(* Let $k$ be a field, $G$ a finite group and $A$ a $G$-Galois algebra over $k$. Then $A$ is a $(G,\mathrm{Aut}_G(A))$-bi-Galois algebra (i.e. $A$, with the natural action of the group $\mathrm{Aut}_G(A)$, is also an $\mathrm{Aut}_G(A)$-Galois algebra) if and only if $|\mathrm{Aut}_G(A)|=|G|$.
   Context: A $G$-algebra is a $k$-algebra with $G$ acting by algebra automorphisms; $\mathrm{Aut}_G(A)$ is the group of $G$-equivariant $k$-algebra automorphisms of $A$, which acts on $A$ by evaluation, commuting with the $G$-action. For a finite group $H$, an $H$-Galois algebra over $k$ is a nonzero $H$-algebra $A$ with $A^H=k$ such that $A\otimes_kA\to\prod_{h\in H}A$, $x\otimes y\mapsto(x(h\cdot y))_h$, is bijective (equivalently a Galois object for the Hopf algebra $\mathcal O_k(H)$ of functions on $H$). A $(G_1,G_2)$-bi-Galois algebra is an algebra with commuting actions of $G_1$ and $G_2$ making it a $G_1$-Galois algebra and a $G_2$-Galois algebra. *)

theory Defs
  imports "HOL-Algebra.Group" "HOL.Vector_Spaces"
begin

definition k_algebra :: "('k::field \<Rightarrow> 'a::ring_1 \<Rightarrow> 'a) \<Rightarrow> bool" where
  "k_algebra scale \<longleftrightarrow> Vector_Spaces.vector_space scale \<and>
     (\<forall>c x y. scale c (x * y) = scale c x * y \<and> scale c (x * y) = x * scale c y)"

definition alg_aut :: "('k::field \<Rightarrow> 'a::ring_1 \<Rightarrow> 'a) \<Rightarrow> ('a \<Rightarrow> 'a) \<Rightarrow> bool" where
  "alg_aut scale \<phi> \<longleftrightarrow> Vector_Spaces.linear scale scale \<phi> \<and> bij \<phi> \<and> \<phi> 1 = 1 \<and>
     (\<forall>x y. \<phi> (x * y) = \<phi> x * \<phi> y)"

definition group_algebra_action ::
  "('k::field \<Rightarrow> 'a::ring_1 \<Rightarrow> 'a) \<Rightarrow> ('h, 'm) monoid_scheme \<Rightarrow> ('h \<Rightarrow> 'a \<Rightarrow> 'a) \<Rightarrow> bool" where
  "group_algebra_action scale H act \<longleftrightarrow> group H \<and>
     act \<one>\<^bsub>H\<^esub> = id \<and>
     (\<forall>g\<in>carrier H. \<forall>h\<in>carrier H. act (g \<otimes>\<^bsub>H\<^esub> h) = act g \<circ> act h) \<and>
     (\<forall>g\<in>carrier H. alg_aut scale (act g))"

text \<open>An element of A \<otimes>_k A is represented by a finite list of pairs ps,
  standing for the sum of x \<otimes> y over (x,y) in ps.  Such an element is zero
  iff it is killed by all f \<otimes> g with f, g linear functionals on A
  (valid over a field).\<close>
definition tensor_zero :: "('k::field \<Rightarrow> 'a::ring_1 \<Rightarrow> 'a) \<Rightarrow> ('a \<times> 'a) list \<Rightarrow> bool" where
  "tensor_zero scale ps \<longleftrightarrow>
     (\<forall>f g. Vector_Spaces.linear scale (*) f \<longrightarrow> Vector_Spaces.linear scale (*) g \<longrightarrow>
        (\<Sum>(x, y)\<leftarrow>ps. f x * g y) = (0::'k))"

········

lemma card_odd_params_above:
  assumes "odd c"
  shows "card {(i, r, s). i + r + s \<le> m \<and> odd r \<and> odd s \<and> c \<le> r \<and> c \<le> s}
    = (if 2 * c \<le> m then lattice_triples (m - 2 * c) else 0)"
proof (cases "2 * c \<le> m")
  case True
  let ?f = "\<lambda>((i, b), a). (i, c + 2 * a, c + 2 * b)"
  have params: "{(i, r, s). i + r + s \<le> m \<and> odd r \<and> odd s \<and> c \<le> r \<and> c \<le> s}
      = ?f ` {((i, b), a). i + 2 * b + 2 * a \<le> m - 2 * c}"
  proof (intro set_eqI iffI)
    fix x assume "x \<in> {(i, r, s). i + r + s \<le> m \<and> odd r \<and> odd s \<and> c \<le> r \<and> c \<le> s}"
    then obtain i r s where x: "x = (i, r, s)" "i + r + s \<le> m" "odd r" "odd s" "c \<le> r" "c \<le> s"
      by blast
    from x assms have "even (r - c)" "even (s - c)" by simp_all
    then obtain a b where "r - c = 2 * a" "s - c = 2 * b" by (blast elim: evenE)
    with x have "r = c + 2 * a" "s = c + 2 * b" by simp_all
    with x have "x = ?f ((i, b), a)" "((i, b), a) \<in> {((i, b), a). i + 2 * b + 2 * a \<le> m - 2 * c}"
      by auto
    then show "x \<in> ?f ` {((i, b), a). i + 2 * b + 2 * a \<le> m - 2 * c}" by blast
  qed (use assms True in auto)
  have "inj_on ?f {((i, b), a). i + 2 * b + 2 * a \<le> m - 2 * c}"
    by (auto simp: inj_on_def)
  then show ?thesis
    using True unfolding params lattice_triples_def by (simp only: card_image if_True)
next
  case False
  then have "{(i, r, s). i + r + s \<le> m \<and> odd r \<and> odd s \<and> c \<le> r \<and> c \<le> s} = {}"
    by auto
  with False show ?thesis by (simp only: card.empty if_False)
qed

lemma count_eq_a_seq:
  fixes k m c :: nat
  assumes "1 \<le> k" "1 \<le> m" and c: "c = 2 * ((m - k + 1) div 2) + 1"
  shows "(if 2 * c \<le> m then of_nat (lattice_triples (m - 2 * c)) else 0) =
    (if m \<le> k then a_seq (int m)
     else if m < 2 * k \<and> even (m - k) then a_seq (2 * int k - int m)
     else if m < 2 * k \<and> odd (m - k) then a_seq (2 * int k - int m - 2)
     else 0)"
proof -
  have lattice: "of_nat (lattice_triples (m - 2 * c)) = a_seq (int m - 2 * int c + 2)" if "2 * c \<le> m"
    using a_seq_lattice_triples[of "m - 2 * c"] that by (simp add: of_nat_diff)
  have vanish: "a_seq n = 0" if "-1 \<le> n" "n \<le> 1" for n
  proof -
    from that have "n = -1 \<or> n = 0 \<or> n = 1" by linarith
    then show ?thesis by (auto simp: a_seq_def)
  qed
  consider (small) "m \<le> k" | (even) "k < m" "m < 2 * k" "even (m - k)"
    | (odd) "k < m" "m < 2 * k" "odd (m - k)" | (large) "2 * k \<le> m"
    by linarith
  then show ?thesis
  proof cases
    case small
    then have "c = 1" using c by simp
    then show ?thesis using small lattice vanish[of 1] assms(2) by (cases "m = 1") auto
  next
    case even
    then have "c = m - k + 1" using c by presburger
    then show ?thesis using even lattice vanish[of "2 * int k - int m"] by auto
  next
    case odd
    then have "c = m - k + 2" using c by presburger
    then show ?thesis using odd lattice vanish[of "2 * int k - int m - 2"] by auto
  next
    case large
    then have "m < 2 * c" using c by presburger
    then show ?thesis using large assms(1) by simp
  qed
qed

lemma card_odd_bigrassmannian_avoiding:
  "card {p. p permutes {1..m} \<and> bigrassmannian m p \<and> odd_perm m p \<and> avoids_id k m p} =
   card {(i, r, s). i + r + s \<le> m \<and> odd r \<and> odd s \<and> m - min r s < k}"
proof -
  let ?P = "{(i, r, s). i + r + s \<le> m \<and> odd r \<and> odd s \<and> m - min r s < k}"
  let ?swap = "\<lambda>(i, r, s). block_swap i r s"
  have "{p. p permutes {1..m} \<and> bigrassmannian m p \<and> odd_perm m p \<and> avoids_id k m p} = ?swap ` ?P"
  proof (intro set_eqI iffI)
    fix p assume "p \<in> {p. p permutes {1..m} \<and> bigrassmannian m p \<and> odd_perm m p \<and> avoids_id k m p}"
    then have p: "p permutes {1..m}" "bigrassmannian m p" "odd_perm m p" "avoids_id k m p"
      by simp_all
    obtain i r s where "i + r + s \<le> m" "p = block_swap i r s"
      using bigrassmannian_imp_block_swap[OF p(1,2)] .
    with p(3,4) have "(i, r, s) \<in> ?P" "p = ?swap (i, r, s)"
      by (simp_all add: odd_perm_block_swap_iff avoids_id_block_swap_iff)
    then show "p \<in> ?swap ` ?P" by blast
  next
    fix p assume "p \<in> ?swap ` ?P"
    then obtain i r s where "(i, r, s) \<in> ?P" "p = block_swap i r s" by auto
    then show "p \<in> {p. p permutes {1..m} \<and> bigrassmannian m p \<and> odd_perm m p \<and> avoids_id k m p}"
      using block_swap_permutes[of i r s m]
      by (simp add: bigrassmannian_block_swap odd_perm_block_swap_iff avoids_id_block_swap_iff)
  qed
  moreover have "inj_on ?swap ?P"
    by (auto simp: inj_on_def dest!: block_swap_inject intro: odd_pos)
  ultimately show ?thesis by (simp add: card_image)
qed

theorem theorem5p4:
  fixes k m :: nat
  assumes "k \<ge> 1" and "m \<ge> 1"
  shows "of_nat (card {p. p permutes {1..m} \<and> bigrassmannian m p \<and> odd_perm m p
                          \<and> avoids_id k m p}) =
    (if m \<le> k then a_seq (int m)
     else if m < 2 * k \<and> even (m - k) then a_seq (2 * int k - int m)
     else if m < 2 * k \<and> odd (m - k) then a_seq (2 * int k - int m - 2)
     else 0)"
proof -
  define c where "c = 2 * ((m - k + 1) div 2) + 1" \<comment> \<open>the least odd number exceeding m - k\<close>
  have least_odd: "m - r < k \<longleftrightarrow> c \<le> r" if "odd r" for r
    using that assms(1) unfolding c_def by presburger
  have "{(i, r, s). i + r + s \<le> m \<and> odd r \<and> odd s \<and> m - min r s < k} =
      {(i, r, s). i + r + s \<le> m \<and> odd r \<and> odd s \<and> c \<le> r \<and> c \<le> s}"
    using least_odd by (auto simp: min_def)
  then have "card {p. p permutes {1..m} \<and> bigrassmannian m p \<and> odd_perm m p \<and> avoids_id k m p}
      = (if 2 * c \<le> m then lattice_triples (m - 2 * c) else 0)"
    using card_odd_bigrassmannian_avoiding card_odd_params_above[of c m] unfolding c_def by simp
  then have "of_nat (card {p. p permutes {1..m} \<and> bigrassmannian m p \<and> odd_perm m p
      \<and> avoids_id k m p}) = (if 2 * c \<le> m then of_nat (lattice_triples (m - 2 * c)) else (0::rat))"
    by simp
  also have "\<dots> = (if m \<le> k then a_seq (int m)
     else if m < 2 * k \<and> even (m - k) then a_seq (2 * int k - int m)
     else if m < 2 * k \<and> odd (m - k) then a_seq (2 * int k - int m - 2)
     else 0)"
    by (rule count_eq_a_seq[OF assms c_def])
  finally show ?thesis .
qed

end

········

Task to complete:
Look through the records for the word "forall". Every line that has it should be copied.

Written solution:
     (\<forall>c x y. scale c (x * y) = scale c x * y \<and> scale c (x * y) = x * scale c y)"
     (\<forall>x y. \<phi> (x * y) = \<phi> x * \<phi> y)"
     (\<forall>g\<in>carrier H. \<forall>h\<in>carrier H. act (g \<otimes>\<^bsub>H\<^esub> h) = act g \<circ> act h) \<and>
     (\<forall>g\<in>carrier H. alg_aut scale (act g))"
     (\<forall>f g. Vector_Spaces.linear scale (*) f \<longrightarrow> Vector_Spaces.linear scale (*) g \<longrightarrow>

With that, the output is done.